Мальчик отдёрнул бязевую штору, вгляделся в полумрак двора «сталинки». Там, в сгущающихся октябрьских сумерках, на поросшей чагой приземистой берёзе, словно загнанный псами кот, сидел Женька. Вокруг дерева, будто волчок, наяривала круги Дина – рослый щенок тигрового боксёра. Надрывистый лай собаки сливался с уже начавшим ломаться гнусавым голосом Максима – Пашкиного одноклассника и хозяина Дины, прослывшего главным хулиганом во дворе. Завсегдатаи приподъездных скамеек наперебой пророчили Максу большое будущее: детская комната милиции, тюрьма и, как следствие, «Морское дно» – кладбище, получившее своё неофициальное название за то, что приняло в свои объятия десятки моряков ещё при Союзе.
Двое ребят из соседнего двора, дружков Максима, чьих имён Пашка не знал, подливали масла в огонь – раззадоривали Дину. «Куси! Куси!» – шипели детские рты.
– Отстаньте от меня! Я вам ничего не сделал, – кричал Женька, сидя на корявой берёзе, что есть сил вцепившись в шершавый ствол. – Уходите!
– Не, не заплачет, – констатировал Максим. Глаза хулигана забегали по ковру из опавшей листвы в поисках «снаряда». Набрав из-под росшего рядом дуба полную жменю желудей, Макс швырнул бурую шрапнель в Женю. Жёлуди картечью разлетелись в разные стороны.
– А я говорю – заплачет! Зуб даю, – один из дружков Максима уже целился в загнанного Женьку куском где-то найденного кирпича. – Спорим?
Макс с опаской взглянул на товарища. Даже этот двоечник видел грань между издёвкой и потенциальным преступлением. Дина, с неистовым лаем, тщетно бросалась на ствол дерева. Пашка с замершим сердцем наблюдал за происходящим сквозь пыльную призму окна своей квартиры. Там ему ничего не угрожало. Они были знакомы с Максом чуть ли не с ясельного возраста. Но, даже не смотря на это, Паша всё равно, на каком-то подсознательном уровне, побаивался своего товарища. От Максима, как от обезьяны с гранатой, можно было ожидать чего угодно. Пёс, хоть и обладал таким же характером, как и его хозяин – дурным и неустойчивым, – не был лишён простых собачьих слабостей. Пенящаяся слюна и пираний оскал, будто по мановению волшебной палочки, исчезали с морды зверя при виде колбасы, или чего-нибудь мясного. Эта маленькая хитрость, подсмотренная Пашкой в каком-то фильме советских времён, не раз спасала его пятую точку от острых клыков-иголок Дины. Эх, знал бы это Женька.

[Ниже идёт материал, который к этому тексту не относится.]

(* Let $K$ be a Markov kernel on a finite set $\mathcal{X}$, reversible with respect to a probability measure $\pi$, and assume that for all $f:\mathcal{X}\to\mathbb{R}$ \[ \mathrm{Ent}_\pi(f^2)\le2\sigma^2\int\sum_{y\in\mathcal{X}}(f(x)-f(y))^2K(x,y)\,d\pi(x). \] Then for every $f:\mathcal{X}\to\mathbb{R}$ and every $p\ge2$, \[ \mathrm{Ent}_\pi(|f|^p)\le\sigma^2p^2\int|f|^{p-2}|\partial f|^2d\pi, \qquad \mathrm{Ent}_\pi(|f|^p)\le\sigma^2p^2\|f\|_p^{p-2}\|\partial f\|_p^2, \] where $|\partial f|(x)=\big(\sum_{y\in\mathcal{X}}(f(x)-f(y))^2K(x,y)\big)^{1/2}$.
   Context: $\mathrm{Ent}_\pi(g)=\mathbb{E}_\pi g\log g-\mathbb{E}_\pi g\log\mathbb{E}_\pi g$ for $g\ge0$; $\|g\|_p=(\mathbb{E}_\pi|g|^p)^{1/p}$ and $\|\partial f\|_p=\||\partial f|\|_p$. *)

theory Defs
  imports "HOL-Analysis.Analysis"
begin

text \<open>Power of a nonnegative real with the convention t^0 = 1 (also for t = 0),
  which Isabelle's powr does not follow (0 powr 0 = 0).\<close>
definition rpow :: "real \<Rightarrow> real \<Rightarrow> real" where
  "rpow t a = (if a = 0 then 1 else t powr a)"

definition expect :: "('a::finite \<Rightarrow> real) \<Rightarrow> ('a \<Rightarrow> real) \<Rightarrow> real" where
  "expect \<pi> g = (\<Sum>x\<in>UNIV. \<pi> x * g x)"

definition Ent :: "('a::finite \<Rightarrow> real) \<Rightarrow> ('a \<Rightarrow> real) \<Rightarrow> real" where
  "Ent \<pi> g = expect \<pi> (\<lambda>x. g x * ln (g x)) - expect \<pi> g * ln (expect \<pi> g)"

definition Lpnorm :: "('a::finite \<Rightarrow> real) \<Rightarrow> real \<Rightarrow> ('a \<Rightarrow> real) \<Rightarrow> real" where
  "Lpnorm \<pi> p g = (expect \<pi> (\<lambda>x. \<bar>g x\<bar> powr p)) powr (1 / p)"

definition grad :: "('a::finite \<Rightarrow> 'a \<Rightarrow> real) \<Rightarrow> ('a \<Rightarrow> real) \<Rightarrow> 'a \<Rightarrow> real" where
  "grad K f x = sqrt (\<Sum>y\<in>UNIV. (f x - f y)^2 * K x y)"

definition markov_kernel :: "('a::finite \<Rightarrow> 'a \<Rightarrow> real) \<Rightarrow> bool" where
  "markov_kernel K \<longleftrightarrow> (\<forall>x y. K x y \<ge> 0) \<and> (\<forall>x. (\<Sum>y\<in>UNIV. K x y) = 1)"

definition prob_vector :: "('a::finite \<Rightarrow> real) \<Rightarrow> bool" where
  "prob_vector \<pi> \<longleftrightarrow> (\<forall>x. \<pi> x \<ge> 0) \<and> (\<Sum>x\<in>UNIV. \<pi> x) = 1"

definition reversible :: "('a::finite \<Rightarrow> 'a \<Rightarrow> real) \<Rightarrow> ('a \<Rightarrow> real) \<Rightarrow> bool" where
  "reversible K \<pi> \<longleftrightarrow> (\<forall>x y. \<pi> x * K x y = \<pi> y * K y x)"

end

theory Submission
  imports Defs
begin

text \<open>Apply the log-Sobolev inequality to \<open>|f|^(p/2)\<close>. The mean value bound
  \<open>(a^q - b^q)^2 \<le> q^2 (a^(2q-2) + b^(2q-2)) (a - b)^2\<close> with \<open>q = p/2\<close>, combined with
  reversibility (which makes the Dirichlet form symmetric in \<open>x\<close> and \<open>y\<close>), bounds the
  resulting Dirichlet form by \<open>(p^2/2) \<integral> |f|^(p-2) |\<partial>f|^2 d\<pi>\<close>. Hoelder's inequality with
  exponents \<open>p/(p-2)\<close> and \<open>p/2\<close> then gives the second, normed form.\<close>

lemma rpow_nonneg: "rpow t a \<ge> 0"
  by (simp add: rpow_def)

lemma powr_diff_le_tangent:
  fixes a b q :: real
  assumes "0 \<le> b" "b \<le> a" "q \<ge> 1"
  shows "a powr q - b powr q \<le> q * rpow a (q - 1) * (a - b)"
proof (cases "b = 0")
  case True
  then show ?thesis
    using assms by (cases "a = 0") (auto simp: rpow_def powr_diff mult_le_cancel_right1)
next
  case False
  with assms have a: "a > 0" and b: "b > 0" by auto
  have "b powr q - a powr q \<ge> q * a powr (q - 1) * (b - a)"
    by (rule convex_on_imp_above_tangent[OF powr_convex[OF assms(3)]])
      (use a b in \<open>auto intro!: has_field_derivative_at_within has_real_derivative_powr
                      simp: interior_open\<close>)
  then show ?thesis
    using a b by (cases "q = 1") (auto simp: rpow_def algebra_simps)
qed

lemma powr_diff_square_le:
  fixes a b q :: real
  assumes "0 \<le> a" "0 \<le> b" "q \<ge> 1"
  shows "(a powr q - b powr q)^2 \<le> q^2 * (rpow a (2*q - 2) + rpow b (2*q - 2)) * (a - b)^2"
proof -
  have ordered: "(a powr q - b powr q)^2 \<le> q^2 * rpow a (2*q - 2) * (a - b)^2"
    if "0 \<le> b" "b \<le> a" for a b
  proof -
    have "0 \<le> a powr q - b powr q"
      using that assms(3) by (simp add: powr_mono2)
    then have "(a powr q - b powr q)^2 \<le> (q * rpow a (q - 1) * (a - b))^2"
      using powr_diff_le_tangent[OF that assms(3)] by (simp add: power_mono)
    also have "\<dots> = q^2 * rpow a (2*q - 2) * (a - b)^2"
      using that by (auto simp: rpow_def power_mult_distrib power2_eq_square powr_add[symmetric])
    finally show ?thesis .
  qed
  show ?thesis
  proof (cases "b \<le> a")
    case True
    then show ?thesis
      using ordered[OF assms(2) True] rpow_nonneg[of b "2*q - 2"]
      by (smt (verit) mult_left_mono mult_right_mono zero_le_power2)
  next
    case False
    then show ?thesis
      using ordered[OF assms(1), of b] rpow_nonneg[of a "2*q - 2"]
      by (smt (verit) mult_left_mono mult_right_mono zero_le_power2 power2_commute)
  qed
qed

lemma expect_Holder:
  fixes \<pi> u v :: "'a::finite \<Rightarrow> real" and \<alpha> \<beta> :: real
  assumes \<pi>: "\<And>x. \<pi> x \<ge> 0" and u: "\<And>x. u x \<ge> 0" and v: "\<And>x. v x \<ge> 0"
    and \<alpha>\<beta>: "0 < \<alpha>" "0 < \<beta>" "\<alpha> + \<beta> = 1"
  shows "expect \<pi> (\<lambda>x. u x powr \<alpha> * v x powr \<beta>)
         \<le> expect \<pi> u powr \<alpha> * expect \<pi> v powr \<beta>"
proof -
  define A where "A = expect \<pi> u"
  define B where "B = expect \<pi> v"
  have "A \<ge> 0" "B \<ge> 0"
    unfolding A_def B_def expect_def using \<pi> u v by (simp_all add: sum_nonneg)
  show ?thesis
  proof (cases "A = 0 \<or> B = 0")
    case True
    have "\<pi> x * u x = 0 \<or> \<pi> x * v x = 0" for x
      using True \<pi> u v unfolding A_def B_def expect_def
      by (subst (asm) (1 2) sum_nonneg_eq_0_iff) auto
    then have "expect \<pi> (\<lambda>x. u x powr \<alpha> * v x powr \<beta>) = 0"
      unfolding expect_def by (intro sum.neutral) auto
    then show ?thesis
      by simp
  next
    case False
    with \<open>A \<ge> 0\<close> \<open>B \<ge> 0\<close> have A: "A > 0" and B: "B > 0" by auto
    \<comment> \<open>Young's inequality applied to \<open>u x / A\<close> and \<open>v x / B\<close>\<close>
    have pointwise: "u x powr \<alpha> * v x powr \<beta>
        \<le> A powr \<alpha> * B powr \<beta> * (\<alpha> * u x / A + \<beta> * v x / B)" for x
    proof (cases "u x = 0 \<or> v x = 0")
      case True
      then show ?thesis
        using u[of x] v[of x] A B \<alpha>\<beta> by (auto intro!: add_nonneg_nonneg divide_nonneg_pos)
    next
      case False
      with u[of x] v[of x] have "u x > 0" "v x > 0" by auto
      then have "(u x powr \<alpha> * v x powr \<beta>) / (A powr \<alpha> * B powr \<beta>) \<le> \<alpha> * (u x / A) + \<beta> * (v x / B)"
        using Youngs_inequality_0[of \<alpha> \<beta> "u x / A" "v x / B"] \<alpha>\<beta> A B by (simp add: powr_divide)
      then show ?thesis
        using A B by (simp add: divide_le_eq mult.commute)
    qed
    have "expect \<pi> (\<lambda>x. u x powr \<alpha> * v x powr \<beta>)
        \<le> expect \<pi> (\<lambda>x. A powr \<alpha> * B powr \<beta> * (\<alpha> * u x / A + \<beta> * v x / B))"
      unfolding expect_def by (intro sum_mono mult_left_mono pointwise \<pi>)
    also have "\<dots> = A powr \<alpha> * B powr \<beta> * (\<alpha> * expect \<pi> u / A + \<beta> * expect \<pi> v / B)"
      unfolding expect_def
      by (simp add: sum.distrib sum_distrib_left sum_divide_distrib algebra_simps)
    also have "\<dots> = A powr \<alpha> * B powr \<beta>"
      using A B \<alpha>\<beta> by (simp add: A_def[symmetric] B_def[symmetric])
    finally show ?thesis
      by (simp add: A_def B_def)
  qed
qed

lemma expect_rpow_mult_square_le_Lpnorm:
  fixes \<pi> f g :: "'a::finite \<Rightarrow> real" and p :: real
  assumes \<pi>: "\<And>x. \<pi> x \<ge> 0" and "p \<ge> 2"
  shows "expect \<pi> (\<lambda>x. rpow \<bar>f x\<bar> (p - 2) * (g x)^2)
         \<le> rpow (Lpnorm \<pi> p f) (p - 2) * (Lpnorm \<pi> p g)^2"
proof (cases "p = 2")
  case True
  have "expect \<pi> (\<lambda>x. \<bar>g x\<bar> powr 2) \<ge> 0"
    unfolding expect_def using \<pi> by (intro sum_nonneg) auto
  then show ?thesis
    by (simp add: True rpow_def Lpnorm_def powr_half_sqrt expect_def)
next
  case False
  with assms(2) have p: "p > 2" by simp
  have "expect \<pi> (\<lambda>x. (\<bar>f x\<bar> powr p) powr ((p - 2)/p) * (\<bar>g x\<bar> powr p) powr (2/p))
        \<le> expect \<pi> (\<lambda>x. \<bar>f x\<bar> powr p) powr ((p - 2)/p) * expect \<pi> (\<lambda>x. \<bar>g x\<bar> powr p) powr (2/p)"
    using p by (intro expect_Holder \<pi>) (auto simp: field_simps)
  moreover have "(\<bar>f x\<bar> powr p) powr ((p - 2)/p) = rpow \<bar>f x\<bar> (p - 2)"
    and "(\<bar>g x\<bar> powr p) powr (2/p) = (g x)^2" for x
    using p by (simp_all add: powr_powr rpow_def)
  moreover have "expect \<pi> (\<lambda>x. \<bar>f x\<bar> powr p) powr ((p - 2)/p) = rpow (Lpnorm \<pi> p f) (p - 2)"
    and "expect \<pi> (\<lambda>x. \<bar>g x\<bar> powr p) powr (2/p) = (Lpnorm \<pi> p g)^2"
    using p by (simp_all add: Lpnorm_def rpow_def powr_powr power2_eq_square powr_add[symmetric])
  ultimately show ?thesis
    by simp
qed

lemma grad_square:
  assumes "markov_kernel K"
  shows "(grad K f x)^2 = (\<Sum>y\<in>UNIV. (f x - f y)^2 * K x y)"
  using assms unfolding grad_def markov_kernel_def by (intro real_sqrt_pow2 sum_nonneg) auto

lemma reversible_dirichlet_symmetrize:
  assumes "reversible K \<pi>"
  shows "expect \<pi> (\<lambda>x. \<Sum>y\<in>UNIV. (r x + r y) * (f x - f y)^2 * K x y)
         = 2 * expect \<pi> (\<lambda>x. r x * (\<Sum>y\<in>UNIV. (f x - f y)^2 * K x y))"
proof -
  define d where "d x y = \<pi> x * K x y * (f x - f y)^2" for x y
  have "d y x = d x y" for x y
    using assms unfolding d_def reversible_def by (simp add: power2_commute)
  then have "(\<Sum>x\<in>UNIV. \<Sum>y\<in>UNIV. r y * d x y) = (\<Sum>x\<in>UNIV. \<Sum>y\<in>UNIV. r x * d x y)"
    by (subst sum.swap) simp
  then show ?thesis
    by (simp add: expect_def d_def sum_distrib_left sum.distrib algebra_simps)
qed

lemma dirichlet_powr_half_le:
  fixes K :: "'a::finite \<Rightarrow> 'a \<Rightarrow> real" and \<pi> f :: "'a \<Rightarrow> real" and p :: real
  assumes K: "markov_kernel K" and \<pi>: "prob_vector \<pi>" and rev: "reversible K \<pi>" and "p \<ge> 2"
  shows "2 * expect \<pi> (\<lambda>x. \<Sum>y\<in>UNIV. (\<bar>f x\<bar> powr (p/2) - \<bar>f y\<bar> powr (p/2))^2 * K x y)
         \<le> p^2 * expect \<pi> (\<lambda>x. rpow \<bar>f x\<bar> (p - 2) * (grad K f x)^2)"
proof -
  define r where "r x = (p/2)^2 * rpow \<bar>f x\<bar> (p - 2)" for x
  have pointwise: "(\<bar>f x\<bar> powr (p/2) - \<bar>f y\<bar> powr (p/2))^2 \<le> (r x + r y) * (f x - f y)^2" for x y
  proof -
    have "(\<bar>f x\<bar> powr (p/2) - \<bar>f y\<bar> powr (p/2))^2 \<le> (r x + r y) * (\<bar>f x\<bar> - \<bar>f y\<bar>)^2"
      using powr_diff_square_le[of "\<bar>f x\<bar>" "\<bar>f y\<bar>" "p/2"] \<open>p \<ge> 2\<close>
      by (simp add: r_def algebra_simps)
    also have "\<dots> \<le> (r x + r y) * (f x - f y)^2"
      using abs_triangle_ineq3[of "f x" "f y"] rpow_nonneg
      by (intro mult_left_mono) (auto simp: r_def abs_le_square_iff)
    finally show ?thesis .
  qed
  have "expect \<pi> (\<lambda>x. \<Sum>y\<in>UNIV. (\<bar>f x\<bar> powr (p/2) - \<bar>f y\<bar> powr (p/2))^2 * K x y)
        \<le> expect \<pi> (\<lambda>x. \<Sum>y\<in>UNIV. (r x + r y) * (f x - f y)^2 * K x y)"
    using K \<pi> unfolding expect_def markov_kernel_def prob_vector_def
    by (intro sum_mono mult_left_mono mult_right_mono pointwise) auto
  also have "\<dots> = 2 * expect \<pi> (\<lambda>x. r x * (grad K f x)^2)"
    by (simp add: reversible_dirichlet_symmetrize[OF rev] grad_square[OF K])
  also have "\<dots> = (p^2 / 2) * expect \<pi> (\<lambda>x. rpow \<bar>f x\<bar> (p - 2) * (grad K f x)^2)"
    by (simp add: r_def expect_def sum_distrib_left power_divide algebra_simps)
  finally show ?thesis
    by simp
qed

theorem lemma3p2:
  fixes K :: "'a::finite \<Rightarrow> 'a \<Rightarrow> real" and \<pi> :: "'a \<Rightarrow> real" and \<sigma> :: real
  assumes "markov_kernel K" and "prob_vector \<pi>" and "reversible K \<pi>"
    and LSI: "\<And>f :: 'a \<Rightarrow> real. Ent \<pi> (\<lambda>x. (f x)^2)
               \<le> 2 * \<sigma>^2 * expect \<pi> (\<lambda>x. \<Sum>y\<in>UNIV. (f x - f y)^2 * K x y)"
  shows "\<forall>(f :: 'a \<Rightarrow> real) (p :: real). p \<ge> 2 \<longrightarrow>
           Ent \<pi> (\<lambda>x. \<bar>f x\<bar> powr p)
             \<le> \<sigma>^2 * p^2 * expect \<pi> (\<lambda>x. rpow \<bar>f x\<bar> (p - 2) * (grad K f x)^2)
         \<and> Ent \<pi> (\<lambda>x. \<bar>f x\<bar> powr p)
             \<le> \<sigma>^2 * p^2 * rpow (Lpnorm \<pi> p f) (p - 2) * (Lpnorm \<pi> p (grad K f))^2"
proof (intro allI impI)
  fix f :: "'a \<Rightarrow> real" and p :: real
  assume "p \<ge> 2"
  define E where "E = expect \<pi> (\<lambda>x. rpow \<bar>f x\<bar> (p - 2) * (grad K f x)^2)"
  have "(\<bar>f x\<bar> powr (p/2))^2 = \<bar>f x\<bar> powr p" for x
    by (simp add: power2_eq_square powr_add[symmetric])
  then have "Ent \<pi> (\<lambda>x. \<bar>f x\<bar> powr p)
      \<le> \<sigma>^2 * (2 * expect \<pi> (\<lambda>x. \<Sum>y\<in>UNIV. (\<bar>f x\<bar> powr (p/2) - \<bar>f y\<bar> powr (p/2))^2 * K x y))"
    using LSI[of "\<lambda>x. \<bar>f x\<bar> powr (p/2)"] by simp
  also have "\<dots> \<le> \<sigma>^2 * p^2 * E"
    using dirichlet_powr_half_le[OF assms(1-3) \<open>p \<ge> 2\<close>, of f]
    by (simp add: E_def mult.assoc mult_left_mono)
  finally have Ent_le_E: "Ent \<pi> (\<lambda>x. \<bar>f x\<bar> powr p) \<le> \<sigma>^2 * p^2 * E" .
  have "E \<le> rpow (Lpnorm \<pi> p f) (p - 2) * (Lpnorm \<pi> p (grad K f))^2"
    unfolding E_def using assms(2) \<open>p \<ge> 2\<close>
    by (intro expect_rpow_mult_square_le_Lpnorm) (auto simp: prob_vector_def)
  then have "\<sigma>^2 * p^2 * E \<le> \<sigma>^2 * p^2 * rpow (Lpnorm \<pi> p f) (p - 2) * (Lpnorm \<pi> p (grad K f))^2"
    by (simp add: mult.assoc mult_left_mono)
  with Ent_le_E show "Ent \<pi> (\<lambda>x. \<bar>f x\<bar> powr p) \<le> \<sigma>^2 * p^2 * E
      \<and> Ent \<pi> (\<lambda>x. \<bar>f x\<bar> powr p)
          \<le> \<sigma>^2 * p^2 * rpow (Lpnorm \<pi> p f) (p - 2) * (Lpnorm \<pi> p (grad K f))^2"
    by linarith
qed

end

– Уходите! – выкрикнул Женя, когда рыжий кирпич глухо ударился о ствол берёзы прямо у его головы. Лишённые влаги, словно высушенные на ветру, глаза даже не моргнули. Мальчик, как бельчонок, вцепился онемевшими пальцами в шершавую кору дерева и изредка стрелял молящим взглядом в сторону окон своей квартиры. Вот сейчас, в эту самую минуту, на балконе должна появиться его мама. С бигуди в пунцовых волосах, с раскрасневшимся от гнева одутловатым лицом, в заляпанном кетчупом плюшевом халате. Должна появиться и заступиться за сына. Но мама не появилась. Ни сейчас, ни в тот момент, когда озябшие детские пальцы отпустили берёзовый ствол, и Женя, собирая по пути всё сухие ветки, рухнул на землю, как зрелый каштан.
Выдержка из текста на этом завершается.